(Data excerpts)

##########

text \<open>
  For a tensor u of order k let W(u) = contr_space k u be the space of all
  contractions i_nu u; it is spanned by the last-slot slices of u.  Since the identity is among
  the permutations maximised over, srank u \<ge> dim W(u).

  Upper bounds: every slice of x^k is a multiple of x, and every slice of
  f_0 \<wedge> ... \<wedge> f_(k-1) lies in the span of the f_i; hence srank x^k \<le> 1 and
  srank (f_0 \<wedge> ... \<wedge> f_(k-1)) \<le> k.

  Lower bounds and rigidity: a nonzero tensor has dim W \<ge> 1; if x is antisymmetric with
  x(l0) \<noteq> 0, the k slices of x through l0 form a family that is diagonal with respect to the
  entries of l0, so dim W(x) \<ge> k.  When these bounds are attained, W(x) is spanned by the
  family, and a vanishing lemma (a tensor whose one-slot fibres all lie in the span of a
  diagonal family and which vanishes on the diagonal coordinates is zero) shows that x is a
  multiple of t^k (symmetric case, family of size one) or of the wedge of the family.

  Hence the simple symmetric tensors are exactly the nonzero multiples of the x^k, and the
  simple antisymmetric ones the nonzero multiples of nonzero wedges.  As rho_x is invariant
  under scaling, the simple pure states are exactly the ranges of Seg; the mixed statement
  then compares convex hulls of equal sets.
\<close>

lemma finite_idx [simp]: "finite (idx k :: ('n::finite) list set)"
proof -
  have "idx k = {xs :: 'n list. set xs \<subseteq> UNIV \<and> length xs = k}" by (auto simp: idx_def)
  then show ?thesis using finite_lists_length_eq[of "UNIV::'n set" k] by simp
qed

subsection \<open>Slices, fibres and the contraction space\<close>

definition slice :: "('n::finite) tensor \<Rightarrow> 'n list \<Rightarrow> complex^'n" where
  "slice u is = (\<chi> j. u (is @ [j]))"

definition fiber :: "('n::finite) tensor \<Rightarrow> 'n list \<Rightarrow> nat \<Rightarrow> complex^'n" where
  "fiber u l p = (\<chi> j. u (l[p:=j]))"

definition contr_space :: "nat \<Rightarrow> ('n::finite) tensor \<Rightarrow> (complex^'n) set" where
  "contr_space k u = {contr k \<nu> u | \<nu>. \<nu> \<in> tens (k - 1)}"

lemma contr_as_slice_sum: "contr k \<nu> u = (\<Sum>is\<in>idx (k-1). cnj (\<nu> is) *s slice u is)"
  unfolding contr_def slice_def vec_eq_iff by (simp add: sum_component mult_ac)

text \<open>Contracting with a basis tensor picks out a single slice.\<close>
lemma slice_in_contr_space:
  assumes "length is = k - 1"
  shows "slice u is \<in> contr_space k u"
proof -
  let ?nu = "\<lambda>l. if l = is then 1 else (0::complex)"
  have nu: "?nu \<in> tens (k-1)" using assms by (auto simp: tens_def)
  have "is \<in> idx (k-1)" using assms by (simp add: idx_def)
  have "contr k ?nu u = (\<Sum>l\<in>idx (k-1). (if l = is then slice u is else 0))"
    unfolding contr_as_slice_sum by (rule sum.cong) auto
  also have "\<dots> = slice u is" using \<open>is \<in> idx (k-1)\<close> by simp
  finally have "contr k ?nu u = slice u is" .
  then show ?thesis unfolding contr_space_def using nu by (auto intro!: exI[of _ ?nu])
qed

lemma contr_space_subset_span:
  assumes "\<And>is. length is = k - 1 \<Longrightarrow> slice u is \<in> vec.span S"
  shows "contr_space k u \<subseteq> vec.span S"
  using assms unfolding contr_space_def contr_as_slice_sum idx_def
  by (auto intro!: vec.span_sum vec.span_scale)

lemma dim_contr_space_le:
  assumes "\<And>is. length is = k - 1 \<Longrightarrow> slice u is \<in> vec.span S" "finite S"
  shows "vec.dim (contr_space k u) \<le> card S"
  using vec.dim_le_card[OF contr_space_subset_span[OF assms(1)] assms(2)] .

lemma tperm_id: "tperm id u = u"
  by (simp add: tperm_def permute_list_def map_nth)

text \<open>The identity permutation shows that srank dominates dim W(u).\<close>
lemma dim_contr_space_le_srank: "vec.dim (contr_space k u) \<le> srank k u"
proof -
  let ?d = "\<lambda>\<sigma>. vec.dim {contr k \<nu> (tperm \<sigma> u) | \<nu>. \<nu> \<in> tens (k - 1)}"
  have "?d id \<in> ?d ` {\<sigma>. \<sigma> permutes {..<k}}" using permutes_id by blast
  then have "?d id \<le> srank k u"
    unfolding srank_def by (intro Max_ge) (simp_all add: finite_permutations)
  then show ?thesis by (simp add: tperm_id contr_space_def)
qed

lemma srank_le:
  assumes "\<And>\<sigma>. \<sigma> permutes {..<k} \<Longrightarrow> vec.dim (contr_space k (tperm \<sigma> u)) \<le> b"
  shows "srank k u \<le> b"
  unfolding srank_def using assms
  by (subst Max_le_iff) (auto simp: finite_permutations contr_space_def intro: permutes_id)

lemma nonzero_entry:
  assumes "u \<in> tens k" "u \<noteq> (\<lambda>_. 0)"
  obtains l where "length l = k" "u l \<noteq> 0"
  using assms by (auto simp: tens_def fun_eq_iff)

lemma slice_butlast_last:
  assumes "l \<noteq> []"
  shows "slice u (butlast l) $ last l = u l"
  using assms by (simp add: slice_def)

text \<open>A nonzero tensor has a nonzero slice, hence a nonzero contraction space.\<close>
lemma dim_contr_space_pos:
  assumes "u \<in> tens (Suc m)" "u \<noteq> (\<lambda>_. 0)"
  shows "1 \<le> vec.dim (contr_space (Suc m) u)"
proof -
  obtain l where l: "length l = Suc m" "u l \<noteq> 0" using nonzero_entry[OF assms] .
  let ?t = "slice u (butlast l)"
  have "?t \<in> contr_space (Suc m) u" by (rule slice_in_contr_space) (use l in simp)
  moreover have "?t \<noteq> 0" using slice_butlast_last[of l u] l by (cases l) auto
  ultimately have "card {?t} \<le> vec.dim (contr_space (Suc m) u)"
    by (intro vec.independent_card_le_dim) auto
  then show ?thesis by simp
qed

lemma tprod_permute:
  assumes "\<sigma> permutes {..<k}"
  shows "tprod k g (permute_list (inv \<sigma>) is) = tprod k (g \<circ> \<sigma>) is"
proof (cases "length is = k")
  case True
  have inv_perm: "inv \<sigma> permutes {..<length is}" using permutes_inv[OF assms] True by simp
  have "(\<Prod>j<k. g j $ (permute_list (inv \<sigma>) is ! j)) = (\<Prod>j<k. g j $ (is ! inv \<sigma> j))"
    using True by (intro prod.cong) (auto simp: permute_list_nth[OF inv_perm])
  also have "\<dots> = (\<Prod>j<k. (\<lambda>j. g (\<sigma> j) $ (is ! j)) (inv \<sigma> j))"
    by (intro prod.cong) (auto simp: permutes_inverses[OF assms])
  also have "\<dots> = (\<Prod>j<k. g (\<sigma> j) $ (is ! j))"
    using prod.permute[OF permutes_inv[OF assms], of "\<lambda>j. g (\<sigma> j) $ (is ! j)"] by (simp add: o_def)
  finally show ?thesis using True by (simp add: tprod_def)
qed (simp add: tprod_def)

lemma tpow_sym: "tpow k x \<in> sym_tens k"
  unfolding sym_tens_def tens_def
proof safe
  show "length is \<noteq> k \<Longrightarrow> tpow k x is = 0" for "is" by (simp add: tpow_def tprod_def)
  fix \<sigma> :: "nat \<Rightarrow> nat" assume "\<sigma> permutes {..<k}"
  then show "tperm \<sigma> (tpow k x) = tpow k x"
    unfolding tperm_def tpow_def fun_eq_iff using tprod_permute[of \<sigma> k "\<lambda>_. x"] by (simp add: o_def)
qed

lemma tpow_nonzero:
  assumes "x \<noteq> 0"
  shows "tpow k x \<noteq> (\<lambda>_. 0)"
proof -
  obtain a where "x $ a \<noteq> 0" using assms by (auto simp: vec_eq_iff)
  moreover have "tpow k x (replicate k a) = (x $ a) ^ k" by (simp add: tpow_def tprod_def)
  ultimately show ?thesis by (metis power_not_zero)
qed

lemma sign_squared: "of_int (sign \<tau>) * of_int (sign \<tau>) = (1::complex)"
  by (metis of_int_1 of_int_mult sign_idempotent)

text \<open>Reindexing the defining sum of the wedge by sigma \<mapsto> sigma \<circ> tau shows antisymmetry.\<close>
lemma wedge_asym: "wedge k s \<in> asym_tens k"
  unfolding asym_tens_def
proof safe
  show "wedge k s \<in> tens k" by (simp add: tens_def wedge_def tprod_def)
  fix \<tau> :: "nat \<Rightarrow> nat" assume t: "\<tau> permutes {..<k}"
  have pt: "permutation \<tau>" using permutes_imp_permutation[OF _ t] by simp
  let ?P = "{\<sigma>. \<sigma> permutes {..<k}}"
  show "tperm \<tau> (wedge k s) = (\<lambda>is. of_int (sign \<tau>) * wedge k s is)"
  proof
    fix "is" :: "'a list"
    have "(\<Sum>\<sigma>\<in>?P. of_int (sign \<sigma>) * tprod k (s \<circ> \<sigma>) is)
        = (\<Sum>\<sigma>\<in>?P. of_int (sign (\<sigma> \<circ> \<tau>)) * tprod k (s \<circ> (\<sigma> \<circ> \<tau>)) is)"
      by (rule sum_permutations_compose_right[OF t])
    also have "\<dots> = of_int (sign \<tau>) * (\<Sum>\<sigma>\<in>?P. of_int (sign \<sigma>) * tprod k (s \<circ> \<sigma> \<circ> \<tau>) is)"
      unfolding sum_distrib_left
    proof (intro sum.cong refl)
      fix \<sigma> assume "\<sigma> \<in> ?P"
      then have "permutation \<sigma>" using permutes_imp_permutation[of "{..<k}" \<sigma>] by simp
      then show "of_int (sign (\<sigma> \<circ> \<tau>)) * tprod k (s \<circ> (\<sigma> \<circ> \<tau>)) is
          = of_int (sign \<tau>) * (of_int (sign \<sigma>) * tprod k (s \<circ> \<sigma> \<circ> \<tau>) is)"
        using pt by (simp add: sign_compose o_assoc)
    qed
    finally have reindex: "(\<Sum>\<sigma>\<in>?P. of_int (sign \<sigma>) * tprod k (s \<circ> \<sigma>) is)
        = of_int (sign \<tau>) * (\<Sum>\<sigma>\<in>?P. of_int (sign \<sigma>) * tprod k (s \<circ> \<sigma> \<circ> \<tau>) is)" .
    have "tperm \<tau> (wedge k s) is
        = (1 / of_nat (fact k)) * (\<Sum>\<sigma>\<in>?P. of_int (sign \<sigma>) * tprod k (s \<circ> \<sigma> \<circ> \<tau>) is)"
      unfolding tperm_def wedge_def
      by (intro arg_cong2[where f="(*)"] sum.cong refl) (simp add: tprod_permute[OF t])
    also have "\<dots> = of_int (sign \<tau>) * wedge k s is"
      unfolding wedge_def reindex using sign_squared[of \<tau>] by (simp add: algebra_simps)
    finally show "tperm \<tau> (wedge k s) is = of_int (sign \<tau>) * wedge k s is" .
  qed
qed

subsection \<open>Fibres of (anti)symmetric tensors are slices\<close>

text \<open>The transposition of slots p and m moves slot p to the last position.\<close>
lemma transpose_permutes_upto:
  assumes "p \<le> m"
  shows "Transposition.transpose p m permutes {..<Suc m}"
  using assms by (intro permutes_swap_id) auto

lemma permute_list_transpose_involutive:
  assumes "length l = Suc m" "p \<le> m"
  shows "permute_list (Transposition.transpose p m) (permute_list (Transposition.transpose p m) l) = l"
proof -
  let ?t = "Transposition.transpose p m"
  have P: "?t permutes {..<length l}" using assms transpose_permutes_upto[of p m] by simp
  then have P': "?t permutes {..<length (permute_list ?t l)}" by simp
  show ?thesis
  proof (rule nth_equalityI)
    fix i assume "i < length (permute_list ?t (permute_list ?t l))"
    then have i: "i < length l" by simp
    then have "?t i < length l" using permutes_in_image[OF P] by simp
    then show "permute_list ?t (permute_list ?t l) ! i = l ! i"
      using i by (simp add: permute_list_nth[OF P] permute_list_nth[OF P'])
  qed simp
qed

##########

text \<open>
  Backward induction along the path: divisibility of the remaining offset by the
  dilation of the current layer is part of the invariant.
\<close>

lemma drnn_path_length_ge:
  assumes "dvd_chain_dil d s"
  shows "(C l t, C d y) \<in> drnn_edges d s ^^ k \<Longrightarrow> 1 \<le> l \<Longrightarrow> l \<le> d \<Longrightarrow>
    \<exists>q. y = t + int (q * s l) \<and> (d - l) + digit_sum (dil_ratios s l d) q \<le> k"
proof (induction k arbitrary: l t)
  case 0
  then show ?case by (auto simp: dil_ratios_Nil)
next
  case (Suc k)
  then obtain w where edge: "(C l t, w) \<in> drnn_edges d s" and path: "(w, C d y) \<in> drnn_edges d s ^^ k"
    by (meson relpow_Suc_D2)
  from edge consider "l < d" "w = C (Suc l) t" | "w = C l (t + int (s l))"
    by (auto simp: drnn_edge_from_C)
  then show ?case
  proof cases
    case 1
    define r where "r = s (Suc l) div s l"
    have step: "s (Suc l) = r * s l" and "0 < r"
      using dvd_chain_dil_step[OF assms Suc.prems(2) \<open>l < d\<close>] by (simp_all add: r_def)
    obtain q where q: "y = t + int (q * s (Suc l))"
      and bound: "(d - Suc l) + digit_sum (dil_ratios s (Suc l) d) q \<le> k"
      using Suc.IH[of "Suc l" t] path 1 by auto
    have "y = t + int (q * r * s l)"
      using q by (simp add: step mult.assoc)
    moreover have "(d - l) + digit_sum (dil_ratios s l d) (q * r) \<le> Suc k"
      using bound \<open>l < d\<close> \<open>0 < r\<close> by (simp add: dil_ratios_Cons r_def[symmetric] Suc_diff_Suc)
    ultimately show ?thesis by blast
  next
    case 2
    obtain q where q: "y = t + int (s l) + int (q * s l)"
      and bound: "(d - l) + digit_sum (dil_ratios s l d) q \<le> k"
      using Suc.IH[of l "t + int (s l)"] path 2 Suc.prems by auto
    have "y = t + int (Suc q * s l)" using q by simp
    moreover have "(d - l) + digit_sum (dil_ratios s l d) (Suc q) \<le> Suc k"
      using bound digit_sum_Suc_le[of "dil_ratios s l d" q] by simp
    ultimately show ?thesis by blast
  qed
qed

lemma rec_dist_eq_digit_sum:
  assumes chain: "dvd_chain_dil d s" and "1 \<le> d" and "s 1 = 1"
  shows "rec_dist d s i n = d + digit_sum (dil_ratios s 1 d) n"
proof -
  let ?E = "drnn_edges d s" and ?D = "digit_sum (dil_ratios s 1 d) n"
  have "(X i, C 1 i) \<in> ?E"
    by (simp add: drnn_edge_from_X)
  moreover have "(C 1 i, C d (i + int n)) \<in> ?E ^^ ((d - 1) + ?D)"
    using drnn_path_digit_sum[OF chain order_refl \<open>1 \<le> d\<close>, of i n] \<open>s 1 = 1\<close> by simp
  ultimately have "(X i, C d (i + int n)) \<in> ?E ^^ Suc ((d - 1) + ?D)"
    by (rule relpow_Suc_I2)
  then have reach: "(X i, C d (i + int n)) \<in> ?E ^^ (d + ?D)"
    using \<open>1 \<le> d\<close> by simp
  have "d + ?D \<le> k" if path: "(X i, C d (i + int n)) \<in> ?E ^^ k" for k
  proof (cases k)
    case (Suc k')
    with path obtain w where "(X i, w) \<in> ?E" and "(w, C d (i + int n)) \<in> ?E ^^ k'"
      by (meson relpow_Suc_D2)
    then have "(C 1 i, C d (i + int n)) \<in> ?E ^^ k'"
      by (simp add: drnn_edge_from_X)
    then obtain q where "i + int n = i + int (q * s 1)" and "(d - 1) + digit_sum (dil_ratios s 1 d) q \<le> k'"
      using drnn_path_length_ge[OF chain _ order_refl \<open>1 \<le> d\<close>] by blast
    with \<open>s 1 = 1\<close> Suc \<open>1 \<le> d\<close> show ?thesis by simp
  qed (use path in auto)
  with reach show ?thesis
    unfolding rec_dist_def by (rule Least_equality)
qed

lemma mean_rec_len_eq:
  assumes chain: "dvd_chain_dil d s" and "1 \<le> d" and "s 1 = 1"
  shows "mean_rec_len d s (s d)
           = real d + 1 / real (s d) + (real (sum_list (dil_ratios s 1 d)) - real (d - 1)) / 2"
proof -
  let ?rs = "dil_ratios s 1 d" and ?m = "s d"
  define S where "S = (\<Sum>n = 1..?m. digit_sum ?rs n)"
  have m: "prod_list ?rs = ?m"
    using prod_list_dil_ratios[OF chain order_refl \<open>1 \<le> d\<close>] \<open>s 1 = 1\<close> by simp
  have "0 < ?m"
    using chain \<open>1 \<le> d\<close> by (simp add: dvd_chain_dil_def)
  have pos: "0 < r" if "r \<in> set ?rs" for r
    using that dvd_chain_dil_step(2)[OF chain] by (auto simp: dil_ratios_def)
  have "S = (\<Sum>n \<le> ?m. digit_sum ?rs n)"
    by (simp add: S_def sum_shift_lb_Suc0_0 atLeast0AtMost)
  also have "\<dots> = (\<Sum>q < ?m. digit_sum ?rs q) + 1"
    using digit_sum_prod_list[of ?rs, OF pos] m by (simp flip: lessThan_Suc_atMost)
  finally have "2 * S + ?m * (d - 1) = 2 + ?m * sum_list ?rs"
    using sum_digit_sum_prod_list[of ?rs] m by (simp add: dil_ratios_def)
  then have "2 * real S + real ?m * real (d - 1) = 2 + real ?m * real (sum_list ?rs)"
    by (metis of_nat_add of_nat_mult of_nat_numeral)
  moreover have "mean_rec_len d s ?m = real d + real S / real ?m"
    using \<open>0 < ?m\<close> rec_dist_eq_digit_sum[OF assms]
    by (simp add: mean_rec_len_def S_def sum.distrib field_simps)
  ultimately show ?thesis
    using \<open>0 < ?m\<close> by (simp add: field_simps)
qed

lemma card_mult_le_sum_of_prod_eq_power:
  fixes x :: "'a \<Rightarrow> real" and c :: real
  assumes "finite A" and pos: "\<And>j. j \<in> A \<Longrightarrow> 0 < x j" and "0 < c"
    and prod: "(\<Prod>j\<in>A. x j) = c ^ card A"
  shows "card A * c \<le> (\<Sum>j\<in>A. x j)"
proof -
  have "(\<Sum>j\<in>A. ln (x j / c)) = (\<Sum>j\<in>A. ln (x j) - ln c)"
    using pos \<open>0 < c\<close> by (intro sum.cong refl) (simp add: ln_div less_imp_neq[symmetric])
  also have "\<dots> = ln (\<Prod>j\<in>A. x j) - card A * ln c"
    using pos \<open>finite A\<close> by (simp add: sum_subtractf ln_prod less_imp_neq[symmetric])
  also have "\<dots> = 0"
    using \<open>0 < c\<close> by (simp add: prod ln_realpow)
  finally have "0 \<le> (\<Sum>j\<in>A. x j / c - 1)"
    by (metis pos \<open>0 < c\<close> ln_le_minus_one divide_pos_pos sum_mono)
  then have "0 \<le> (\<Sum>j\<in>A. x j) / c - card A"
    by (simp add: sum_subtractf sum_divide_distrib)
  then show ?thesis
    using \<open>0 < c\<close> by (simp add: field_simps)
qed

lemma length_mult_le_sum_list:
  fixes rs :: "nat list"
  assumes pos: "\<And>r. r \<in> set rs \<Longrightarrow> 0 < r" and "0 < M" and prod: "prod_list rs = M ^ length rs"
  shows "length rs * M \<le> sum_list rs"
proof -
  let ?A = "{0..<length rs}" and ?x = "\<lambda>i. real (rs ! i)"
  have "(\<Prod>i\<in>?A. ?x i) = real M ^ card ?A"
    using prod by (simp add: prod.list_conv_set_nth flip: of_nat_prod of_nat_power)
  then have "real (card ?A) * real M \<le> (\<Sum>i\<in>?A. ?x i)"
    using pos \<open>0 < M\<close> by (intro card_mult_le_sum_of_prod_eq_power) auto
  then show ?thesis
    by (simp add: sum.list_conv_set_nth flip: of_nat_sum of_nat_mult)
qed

##########

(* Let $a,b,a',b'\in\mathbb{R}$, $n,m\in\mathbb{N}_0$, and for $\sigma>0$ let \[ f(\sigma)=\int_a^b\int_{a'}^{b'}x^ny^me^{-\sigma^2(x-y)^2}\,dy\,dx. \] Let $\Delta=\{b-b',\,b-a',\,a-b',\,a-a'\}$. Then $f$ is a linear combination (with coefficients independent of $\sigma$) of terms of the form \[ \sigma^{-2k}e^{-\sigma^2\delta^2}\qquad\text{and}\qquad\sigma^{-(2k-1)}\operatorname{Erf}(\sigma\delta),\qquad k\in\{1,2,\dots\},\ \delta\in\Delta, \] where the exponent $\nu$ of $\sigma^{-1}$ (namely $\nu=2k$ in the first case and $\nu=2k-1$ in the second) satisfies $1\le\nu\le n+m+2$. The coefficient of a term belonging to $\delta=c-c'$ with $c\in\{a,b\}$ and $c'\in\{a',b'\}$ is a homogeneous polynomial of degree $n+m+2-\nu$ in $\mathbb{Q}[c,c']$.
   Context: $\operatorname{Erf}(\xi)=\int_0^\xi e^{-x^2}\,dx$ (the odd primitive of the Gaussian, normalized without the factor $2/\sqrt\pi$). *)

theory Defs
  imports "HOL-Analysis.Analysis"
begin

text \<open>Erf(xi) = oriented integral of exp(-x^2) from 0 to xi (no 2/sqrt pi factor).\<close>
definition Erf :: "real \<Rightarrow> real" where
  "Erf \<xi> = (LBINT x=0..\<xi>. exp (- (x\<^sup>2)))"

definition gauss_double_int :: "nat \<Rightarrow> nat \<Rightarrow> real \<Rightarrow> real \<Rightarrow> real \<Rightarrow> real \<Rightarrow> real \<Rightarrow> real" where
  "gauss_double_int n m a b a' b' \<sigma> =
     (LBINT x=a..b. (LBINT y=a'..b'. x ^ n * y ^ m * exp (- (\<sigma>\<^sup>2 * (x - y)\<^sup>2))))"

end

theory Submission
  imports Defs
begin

##########

Where a line in the records above contains "ultimately", include it in the count, and give only that number.

6